In this personal injury action, the Appellate Division, Second Judicial Department, in accordance with M&H’s arguments on appeal, reversed the lower court’s grant of summary judgment for defendants holding that even though the defendants had established that the plaintiff violated the Vehicle and Traffic Law, plaintiff’s evidence opposing the motion created a triable issue of fact regarding defendant’s comparative fault.
|Galagotis v Armenti|
|2015 NY Slip Op 08705|
|Decided on November 25, 2015|
|Appellate Division, Second Department|
Published by New York State Law Reporting Bureau pursuant to Judiciary Law § 431.
This opinion is uncorrected and subject to revision before publication in the Official Reports.
Decided on November 25, 2015
SUPREME COURT OF THE STATE OF NEW YORK
Appellate Division, Second Judicial Department
RANDALL T. ENG, P.J.
RUTH C. BALKIN
JEFFREY A. COHEN
COLLEEN D. DUFFY, JJ.
(Index No. 600551/12)
Stella Galagotis, appellant,
Joseph L. Armenti, et al., respondents.
Dell & Dean, PLLC (Mischel & Horn, P.C., New York, N.Y. [Scott T. Horn and Naomi M. Taub], of counsel), for appellant.
Andrea G. Sawyers, Melville, N.Y. (Scott W. Driver of counsel), for respondents.
DECISION & ORDER
In an action to recover damages for personal injuries, the plaintiff appeals from an order of the Supreme Court, Nassau County (Bruno, J.), entered May 27, 2014, which granted the defendants’ motion for summary judgment dismissing the complaint.
ORDERED that the order is reversed, on the law, with costs, and the defendants’ motion for summary judgment dismissing the complaint is denied.

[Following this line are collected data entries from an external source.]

(* For $m\ge 1$, let $\mathbf{D}_m$ be the $m\times m$ symmetric tridiagonal matrix with diagonal entries $d_{kk}=4k^2-6k+\tfrac52$ ($1\le k\le m$), off-diagonal entries $d_{k,k+1}=d_{k+1,k}=-k(2k-1)$ ($1\le k\le m-1$), and all other entries zero. Then for every $m\in\mathbb{N}$ its smallest eigenvalue satisfies $$\lambda_{\min}(\mathbf{D}_m)>\frac{4}{\ln^2 m+8\ln m+8}.$$ *)

theory Defs
  imports Complex_Main "Jordan_Normal_Form.Char_Poly"
begin

text \<open>The m x m symmetric tridiagonal matrix D_m. Matrix indices are 0-based,
  so the paper's row index k corresponds to i + 1.\<close>
definition Dmat :: "nat \<Rightarrow> real mat" where
  "Dmat m = mat m m (\<lambda>(i, j).
     if i = j then 4 * real (i+1)^2 - 6 * real (i+1) + 5/2
     else if j = i + 1 then - (real (i+1) * (2 * real (i+1) - 1))
     else if i = j + 1 then - (real (j+1) * (2 * real (j+1) - 1))
     else 0)"

definition lambda_min :: "real mat \<Rightarrow> real" where
  "lambda_min A = Min {x. eigenvalue A x}"

end

theory Submission
  imports Defs
begin

text \<open>Let v k = binom(2k, k) / 4^k (0-based; wallis_ratio below), the ground state of
  the infinite matrix D: every row of D annihilates v. Substituting x k = v k * y k turns the
  quadratic form of D_m into the weighted Dirichlet sum sum_{k<m} a k * (y k - y (k+1))^2 with
  y m = 0 and a k = (2k+1)^2 * (v k)^2 / 2 (edge_weight). Writing y i as the telescoping sum of
  these differences, Cauchy-Schwarz gives the discrete Hardy inequality
  |x|^2 <= (sum_{j<m} T j) * x^T D_m x with T j = (sum_{i<=j} (v i)^2) / a j (hardy_coeff).
  The T j obey T (j+1) = (4(j+1)^2 T j + 2) / (2j+3)^2, which yields
  T j <= (ln (j+1) + 23/6) / (2(j+1)) for j >= 2 by induction; summing against the increments
  of (ln^2 t + 8 ln t + 8) / 4 gives sum_{j<m} T j < (ln^2 m + 8 ln m + 8) / 4. Since D_m is
  real symmetric, its eigenvalues are real and bounded below by the Rayleigh quotient, hence
  by 1 / (sum_{j<m} T j).\<close>

section \<open>Eigenvalues of real symmetric matrices\<close>

lemma finite_eigenvalues:
  fixes A :: "'a :: field mat"
  assumes "A \<in> carrier_mat n n"
  shows "finite {x. eigenvalue A x}"
proof -
  have "char_poly A \<noteq> 0"
    using degree_monic_char_poly[OF assms] by auto
  then have "finite {x. poly (char_poly A) x = 0}"
    by (rule poly_roots_finite)
  then show ?thesis
    using eigenvalue_root_char_poly[OF assms] by simp
qed

lemma eigenvalue_of_real_symmetric_in_Reals:
  fixes A :: "real mat"
  assumes A: "A \<in> carrier_mat n n" and sym: "transpose_mat A = A"
    and ev: "eigenvalue (map_mat complex_of_real A) c"
  shows "c \<in> \<real>"
proof -
  let ?B = "map_mat complex_of_real A"
  have B: "?B \<in> carrier_mat n n" using A by simp
  obtain z where z: "z \<in> carrier_vec n" "z \<noteq> 0\<^sub>v n" "?B *\<^sub>v z = c \<cdot>\<^sub>v z"
    using ev B unfolding eigenvalue_def eigenvector_def by auto
  have real_entries: "conjugate (?B *\<^sub>v z) = ?B *\<^sub>v conjugate z"
    using A z(1) by (intro eq_vecI) (auto simp: scalar_prod_def)
  have B_sym: "transpose_mat ?B = ?B"
    using sym by (simp add: map_mat_transpose)
  have "c * (z \<bullet>c z) = (?B *\<^sub>v z) \<bullet>c z"
    using z by simp
  also have "\<dots> = (transpose_mat ?B *\<^sub>v z) \<bullet> conjugate z"
    using B_sym by simp
  also have "\<dots> = z \<bullet> (?B *\<^sub>v conjugate z)"
    using B z(1) by (intro transpose_vec_mult_scalar) auto
  also have "\<dots> = cnj c * (z \<bullet>c z)"
    using z by (simp add: real_entries[symmetric] conjugate_smult_vec)
  finally have "c = cnj c"
    using z(1,2) by simp
  then show ?thesis
    using Reals_cnj_iff by metis
qed

lemma real_symmetric_has_eigenvalue:
  fixes A :: "real mat"
  assumes A: "A \<in> carrier_mat n n" and sym: "transpose_mat A = A" and "n > 0"
  shows "\<exists>l. eigenvalue A l"
proof -
  let ?B = "map_mat complex_of_real A"
  have B: "?B \<in> carrier_mat n n" using A by simp
  have char_poly_B: "char_poly ?B = map_poly complex_of_real (char_poly A)"
    by (rule of_real_hom.char_poly_hom[OF A])
  have "degree (char_poly ?B) = n"
    using degree_monic_char_poly[OF B] by simp
  then have "\<not> constant (poly (char_poly ?B))"
    using \<open>n > 0\<close> by (simp add: constant_degree)
  then obtain c where "poly (char_poly ?B) c = 0"
    using fundamental_theorem_of_algebra by blast
  then have "eigenvalue ?B c"
    using eigenvalue_root_char_poly[OF B] by simp
  then have "c \<in> \<real>"
    by (rule eigenvalue_of_real_symmetric_in_Reals[OF A sym])
  then obtain l where l: "c = complex_of_real l"
    by (auto elim: Reals_cases)
  have "complex_of_real (poly (char_poly A) l) = 0"
    using \<open>poly (char_poly ?B) c = 0\<close> unfolding l char_poly_B of_real_hom.poly_map_poly .
  then show ?thesis
    using eigenvalue_root_char_poly[OF A] by auto
qed
lemma two_power_multiple_mod_eq:
  fixes b :: int
  assumes "0 < b" "b < 2^(k+1)"
  shows "\<exists>j::nat. (int j * b) mod 2^(k+1) = 2^k"
  using assms
proof (induction k arbitrary: b)
  case 0
  then show ?case by (intro exI[of _ 1]) simp
next
  case (Suc k)
  show ?case
  proof (cases "odd b")
    case True
    then have "(int (2^Suc k) * b) mod 2^(Suc k + 1) = 2^Suc k"
      unfolding of_nat_power of_nat_numeral by (rule two_power_times_odd_mod)
    then show ?thesis by blast
  next
    case False
    then obtain c where b: "b = c * 2" by (auto simp: mult.commute)
    with Suc.prems have "0 < c" "c < 2^(k+1)" by simp_all
    then obtain j :: nat where "(int j * c) mod 2^(k+1) = 2^k" using Suc.IH by blast
    moreover have "(int j * b) mod (2^(k+1) * 2) = ((int j * c) mod 2^(k+1)) * 2"
      unfolding b mult.assoc[symmetric] by (rule mod_mult_mult2)
    ultimately have "(int j * b) mod 2^(Suc k + 1) = 2^Suc k" by simp
    then show ?thesis by blast
  qed
qed

lemma neg_two_power_mod: "(- ((2::int)^k)) mod 2^(k+1) = 2^k"
  using two_power_times_odd_mod[of "-1" k] by simp

lemma inj_on_add_mod: "inj_on (\<lambda>x::int. (x + e) mod N) {0..<N}"
proof (rule inj_onI)
  fix x y assume "x \<in> {0..<N}" "y \<in> {0..<N}" and "(x + e) mod N = (y + e) mod N"
  then have "((x + e) - e) mod N = ((y + e) - e) mod N" by (metis mod_diff_left_eq)
  with \<open>x \<in> {0..<N}\<close> \<open>y \<in> {0..<N}\<close> show "x = y" by simp
qed

lemma inj_on_uminus_mod: "inj_on (\<lambda>x::int. (- x) mod N) {0..<N}"
proof (rule inj_onI)
  fix x y assume "x \<in> {0..<N}" "y \<in> {0..<N}" and "(- x) mod N = (- y) mod N"
  then have "(- (- x)) mod N = (- (- y)) mod N" by (metis mod_minus_eq)
  with \<open>x \<in> {0..<N}\<close> \<open>y \<in> {0..<N}\<close> show "x = y" by simp
qed

lemma card_le_Suc_card_not_containing:
  assumes "finite PP" "pairwise disjnt PP"
  shows "card PP \<le> Suc (card {Q \<in> PP. x \<notin> Q})"
proof -
  have "card {Q \<in> PP. x \<in> Q} \<le> Suc 0"
    using assms by (subst card_le_Suc0_iff_eq) (auto simp: pairwise_def disjnt_def)
  moreover have "PP = {Q \<in> PP. x \<notin> Q} \<union> {Q \<in> PP. x \<in> Q}" by blast
  then have "card PP \<le> card {Q \<in> PP. x \<notin> Q} + card {Q \<in> PP. x \<in> Q}" by (metis card_Un_le)
  ultimately show ?thesis by linarith
qed

lemma ex_disjoint_enumeration:
  assumes "m \<le> card PP" "finite PP" "pairwise disjnt PP"
  shows "\<exists>A. A ` {1..m} \<subseteq> PP \<and> (\<forall>s\<in>{1..m}. \<forall>t\<in>{1..m}. s \<noteq> t \<longrightarrow> A s \<inter> A t = {})"
proof -
  obtain T where T: "T \<subseteq> PP" "card T = m" "finite T" using obtain_subset_with_card_n[OF assms(1)] .
  obtain A where "bij_betw A {1..card T} T" using ex_bij_betw_nat_finite_1[OF T(3)] ..
  then have A: "bij_betw A {1..m} T" using T(2) by simp
  have "A s \<inter> A t = {}" if "s \<in> {1..m}" "t \<in> {1..m}" "s \<noteq> t" for s t
  proof -
    have "A s \<in> PP" "A t \<in> PP" "A s \<noteq> A t"
      using A T(1) that by (auto simp: bij_betw_def dest: inj_onD)
    with assms(3) have "disjnt (A s) (A t)" by (simp add: pairwiseD)
    then show ?thesis by (simp add: disjnt_def)
  qed
  moreover have "A ` {1..m} \<subseteq> PP" using A T(1) by (auto simp: bij_betw_def)
  ultimately show ?thesis by (intro exI[of _ A]) blast
qed

lemma sum_Diff_mod_eq_zero:
  fixes f :: "'a \<Rightarrow> int"
  assumes "finite J" "sum f J mod N = 0" "U \<subseteq> J" "sum f U mod N = 0"
  shows "sum f (J - U) mod N = 0"
proof -
  have "sum f (J - U) = sum f J - sum f U" using sum.subset_diff[OF assms(3,1), of f] by simp
  also have "\<dots> mod N = (sum f J mod N - sum f U mod N) mod N" by (simp add: mod_diff_eq)
  finally show ?thesis using assms(2,4) by simp
qed

lemma card_set_take_diff:
  assumes "distinct xs" "j \<le> j'" "j' \<le> length xs"
  shows "card (set (take j' xs) - set (take j xs)) = j' - j"
  using assms set_take_subset_set_take[OF assms(2), of xs]
  by (simp add: card_Diff_subset distinct_card)

lemma sum_set_take_diff_mod:
  fixes f :: "'a \<Rightarrow> int"
  assumes "j \<le> j'"
  shows "(sum f (set (take j' xs)) mod N - sum f (set (take j xs)) mod N) mod N
    = sum f (set (take j' xs) - set (take j xs)) mod N"
proof -
  have "sum f (set (take j' xs)) = sum f (set (take j xs)) + sum f (set (take j' xs) - set (take j xs))"
    using sum.subset_diff[OF set_take_subset_set_take[OF assms, of xs], of f] by (simp add: add.commute)
  then show ?thesis by (simp add: mod_simps)
qed
lemma component_iso_cases:
  assumes "x \<in> fst A"
  shows "egraph_iso E (component \<beta> A x) (Cay G (\<beta> \<inter> \<alpha>1)) \<or>
         egraph_iso E (component \<beta> A x) (Cay G (\<beta> \<inter> \<alpha>2)) \<or>
         egraph_iso E (component \<beta> A x) A\<^sub>\<beta>"
proof -
  obtain g i where x: "x = vertex g i" and i: "i \<in> {1, 2}" and g: "g \<in> generate G (gens i)"
    using assms unfolding amalgam_vertices amalg_dom_iff by blast
  show ?thesis
  proof (cases "\<exists>a\<in>generate G (\<beta> \<inter> gens i). g \<otimes> a \<in> K")
    case True
    then obtain a where a: "a \<in> generate G (\<beta> \<inter> gens i)" and p: "g \<otimes> a \<in> K" by blast
    have "inv a \<in> generate G (\<beta> \<inter> gens i)"
      using a subgroup.m_inv_closed[OF generate_beta_gens_subgroup] by blast
    moreover have "g = g \<otimes> a \<otimes> inv a"
      using generate_gens_carrier[OF g] generate_beta_gens_carrier[OF a] by (simp add: m_assoc)
    ultimately have "egraph_iso E (component \<beta> A x) A\<^sub>\<beta>"
      using component_iso_amalgam[OF p i] x by metis
    then show ?thesis by simp
  next
    case False
    then have "egraph_iso E (component \<beta> A x) (Cay G (\<beta> \<inter> gens i))"
      using component_iso_Cay[OF i g] x by blast
    then show ?thesis using i by (auto simp: amalg_gens_def)
  qed
qed

end

theorem mainTheorem10:
  fixes G :: "('g, 'b) monoid_scheme" and E \<alpha>1 \<alpha>2 \<beta> :: "'g set"
  assumes "E_group G E"
    and "\<alpha>1 \<subset> E" and "\<alpha>2 \<subset> E" and "\<beta> \<subset> E"
    and "two_acyclic G \<alpha>1" and "two_acyclic G \<alpha>2"
    and "x \<in> fst (amalgam G \<alpha>1 \<alpha>2)"
  shows "egraph_iso E (component \<beta> (amalgam G \<alpha>1 \<alpha>2) x) (Cay G (\<beta> \<inter> \<alpha>1)) \<or>
         egraph_iso E (component \<beta> (amalgam G \<alpha>1 \<alpha>2) x) (Cay G (\<beta> \<inter> \<alpha>2)) \<or>
         egraph_iso E (component \<beta> (amalgam G \<alpha>1 \<alpha>2) x)
                      (amalgam G (\<beta> \<inter> \<alpha>1) (\<beta> \<inter> \<alpha>2))"
proof -
  have "group G" "E \<subseteq> carrier G" "\<forall>e\<in>E. e \<otimes>\<^bsub>G\<^esub> e = \<one>\<^bsub>G\<^esub>"
    using assms(1) unfolding E_group_def by auto
  \<comment> \<open>only \<open>\<alpha>1, \<alpha>2 \<subseteq> E\<close> is needed\<close>
  then interpret two_acyclic_amalgam G \<alpha>1 \<alpha>2 \<beta>
    using assms(2,3,5,6) by (intro two_acyclic_amalgam.intro two_acyclic_amalgam_axioms.intro) auto
  show ?thesis using component_iso_cases[OF assms(7)] .
qed

end
(* Let $G=\langle r_1,r_2,s_1,s_2,c\ :\ r_1r_2=r_2r_1,\ s_1s_2=s_2s_1,\ r_1s_1c=cr_1s_1=s_1cr_1,\ r_2s_2c=s_2cr_2=cr_2s_2\rangle$, let $F=\langle r',s'\rangle$ be the free group of rank $2$, and let $p_x,p_y:G\to F$ be the homomorphisms with $p_x(r_1)=r'$, $p_x(s_2)=s'$, $p_x(r_2)=p_x(s_1)=p_x(c)=1$ and $p_y(r_2)=r'$, $p_y(s_1)=s'$, $p_y(r_1)=p_y(s_2)=p_y(c)=1$. Let $H\subseteq G$ be the subgroup generated by $r_1r_2$, $s_1s_2$, $c$, and let $g=s_2cr_1s_1cr_2$. Then $p_x(g)=p_y(g)$, $g$ has infinite order in $G$, and $g^n\notin H$ for every integer $n\neq0$.
   Context: All groups are given by generators and relations as written; $p_x$ and $p_y$ are well-defined homomorphisms on $G$. *)

theory Defs
  imports "HOL-Algebra.Algebra"
begin

text \<open>A word over generators of type 'a is a list of letters (x, e);
  e = False means the generator x, e = True means its inverse.\<close>

type_synonym 'a word = "('a \<times> bool) list"

definition word_inv :: "'a word \<Rightarrow> 'a word" where
  "word_inv w = rev (map (\<lambda>(x, e). (x, \<not> e)) w)"

inductive pres_eq :: "'a word set \<Rightarrow> 'a word \<Rightarrow> 'a word \<Rightarrow> bool" for rels where
  refl: "pres_eq rels w w"
| sym: "pres_eq rels v w \<Longrightarrow> pres_eq rels w v"
| trans: "pres_eq rels u v \<Longrightarrow> pres_eq rels v w \<Longrightarrow> pres_eq rels u w"
| cancel: "pres_eq rels (u @ [(x, e), (x, \<not> e)] @ v) (u @ v)"
| relator: "r \<in> rels \<Longrightarrow> pres_eq rels (u @ r @ v) (u @ v)"

definition pclass :: "'a word set \<Rightarrow> 'a word \<Rightarrow> 'a word set" where
  "pclass rels w = {v. pres_eq rels w v}"

definition pres_group :: "'a word set \<Rightarrow> ('a word set) monoid" where
  "pres_group rels =
     \<lparr> carrier = range (pclass rels),
       monoid.mult = (\<lambda>A B. \<Union> {pclass rels (u @ v) | u v. u \<in> A \<and> v \<in> B}),
       one = pclass rels [] \<rparr>"

datatype gen = R1 | R2 | S1 | S2 | C

datatype fgen = R' | S'

definition gp :: "gen \<Rightarrow> gen word" where "gp x = [(x, False)]"

definition G_rels :: "gen word set" where
  "G_rels =
    { gp R1 @ gp R2 @ word_inv (gp R2 @ gp R1),
      gp S1 @ gp S2 @ word_inv (gp S2 @ gp S1),
      gp R1 @ gp S1 @ gp C @ word_inv (gp C @ gp R1 @ gp S1),
      gp C @ gp R1 @ gp S1 @ word_inv (gp S1 @ gp C @ gp R1),
      gp R2 @ gp S2 @ gp C @ word_inv (gp S2 @ gp C @ gp R2),
      gp S2 @ gp C @ gp R2 @ word_inv (gp C @ gp R2 @ gp S2) }"

definition GG :: "(gen word set) monoid" where "GG = pres_group G_rels"

definition FF :: "(fgen word set) monoid" where "FF = pres_group {}"

fun px_letter :: "gen \<times> bool \<Rightarrow> fgen word" where
  "px_letter (R1, e) = [(R', e)]"
| "px_letter (S2, e) = [(S', e)]"
| "px_letter (_, e) = []"

fun py_letter :: "gen \<times> bool \<Rightarrow> fgen word" where
  "py_letter (R2, e) = [(R', e)]"
| "py_letter (S1, e) = [(S', e)]"
| "py_letter (_, e) = []"

definition px :: "gen word set \<Rightarrow> fgen word set" where
  "px A = \<Union> {pclass {} (concat (map px_letter w)) | w. w \<in> A}"

definition py :: "gen word set \<Rightarrow> fgen word set" where
  "py A = \<Union> {pclass {} (concat (map py_letter w)) | w. w \<in> A}"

The plaintiff allegedly sustained personal injuries when her vehicle collided with a vehicle owned by the defendant Sarant Cadillac and operated by the defendant Joseph Armenti as the plaintiff attempted to make a left turn at an intersection. The plaintiff subsequently commenced this action against the defendants. After depositions had been conducted, the defendants moved for summary judgment dismissing the complaint, contending that the plaintiff’s failure to yield the right-of-way in violation of Vehicle and Traffic Law § 1141 was the sole proximate cause of the accident. The Supreme Court granted the motion, and the plaintiff appeals.
Pursuant to Vehicle and Traffic Law § 1141, the operator of a vehicle intending to turn left within an intersection must yield the right-of-way to any oncoming vehicle which is within the intersection or so close to it as to constitute an immediate hazard, and an operator of an oncoming vehicle with the right-of-way is entitled to assume that the opposing operator will yield in compliance with the traffic laws (see Kassim v Uddin, 119 AD3d 529, 530; Ahern v Lanaia, 85 AD3d 696; Vainer v DiSalvo, 79 AD3d 1023, 1024). However, ” [a] driver who has the right-of-way has a duty to exercise reasonable care to avoid a collision with another vehicle already in the intersection'” (Kassim v Uddin, 119 AD3d at 530, quoting Todd v Godek, 71 AD3d 872, 872), and that driver will not be entitled to summary judgment absent a demonstration that the sole proximate cause of the accident was the other driver’s negligence (see Koeppel-Vulpis v Lucente, 110 AD3d 851, 852; Reyes v Marchese, 96 AD3d 926, 926-927).
Here, the defendants established their prima facie entitlement to judgment as a matter of law by demonstrating that the plaintiff violated Vehicle and Traffic Law § 1141 when she made [*2]a left turn into the path of the defendants’ vehicle, and that this violation was the sole proximate cause of the accident (see Choi v Schwabenbauer, 124 AD3d 574; Lynch v Dobler Chevrolet, Inc., 49 AD3d 509). However, the evidence the plaintiff submitted in opposition to the motion, including the affidavit of a nonparty eyewitness, raised a triable issue of fact as to whether the speed at which the defendant Joseph L. Armenti was traveling may have been a factor in the happening of the accident, and thus whether Armenti was comparatively at fault (see Choi v Schwabenbauer, 124 AD3d 574; Lynch v Dobler Chevrolet, Inc., 49 AD3d 509). Accordingly, the Supreme Court should have denied the defendants’ motion for summary judgment dismissing the complaint.
ENG, P.J., BALKIN, COHEN and DUFFY, JJ., concur.